**Material provided**

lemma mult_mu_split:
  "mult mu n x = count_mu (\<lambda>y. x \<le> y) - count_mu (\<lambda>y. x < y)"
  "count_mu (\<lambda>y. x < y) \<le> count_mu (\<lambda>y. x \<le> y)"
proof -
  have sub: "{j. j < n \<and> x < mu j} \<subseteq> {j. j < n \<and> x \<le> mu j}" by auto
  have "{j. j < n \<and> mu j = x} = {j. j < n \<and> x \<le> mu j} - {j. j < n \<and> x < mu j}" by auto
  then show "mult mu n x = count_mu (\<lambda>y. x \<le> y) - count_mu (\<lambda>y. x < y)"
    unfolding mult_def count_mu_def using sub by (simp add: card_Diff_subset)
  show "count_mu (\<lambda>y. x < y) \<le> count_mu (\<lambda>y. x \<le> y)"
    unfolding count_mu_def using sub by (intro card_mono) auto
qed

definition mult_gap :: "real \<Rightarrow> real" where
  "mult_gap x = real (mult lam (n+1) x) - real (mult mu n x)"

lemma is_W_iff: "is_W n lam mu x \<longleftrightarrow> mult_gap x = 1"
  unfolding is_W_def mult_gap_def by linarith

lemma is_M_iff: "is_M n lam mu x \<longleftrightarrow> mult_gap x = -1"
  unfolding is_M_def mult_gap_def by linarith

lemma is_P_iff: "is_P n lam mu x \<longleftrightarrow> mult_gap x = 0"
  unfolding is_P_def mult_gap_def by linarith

**Requirement**
Within the records above, how many lines include the word "using"? State the number by itself.

**Response area**
2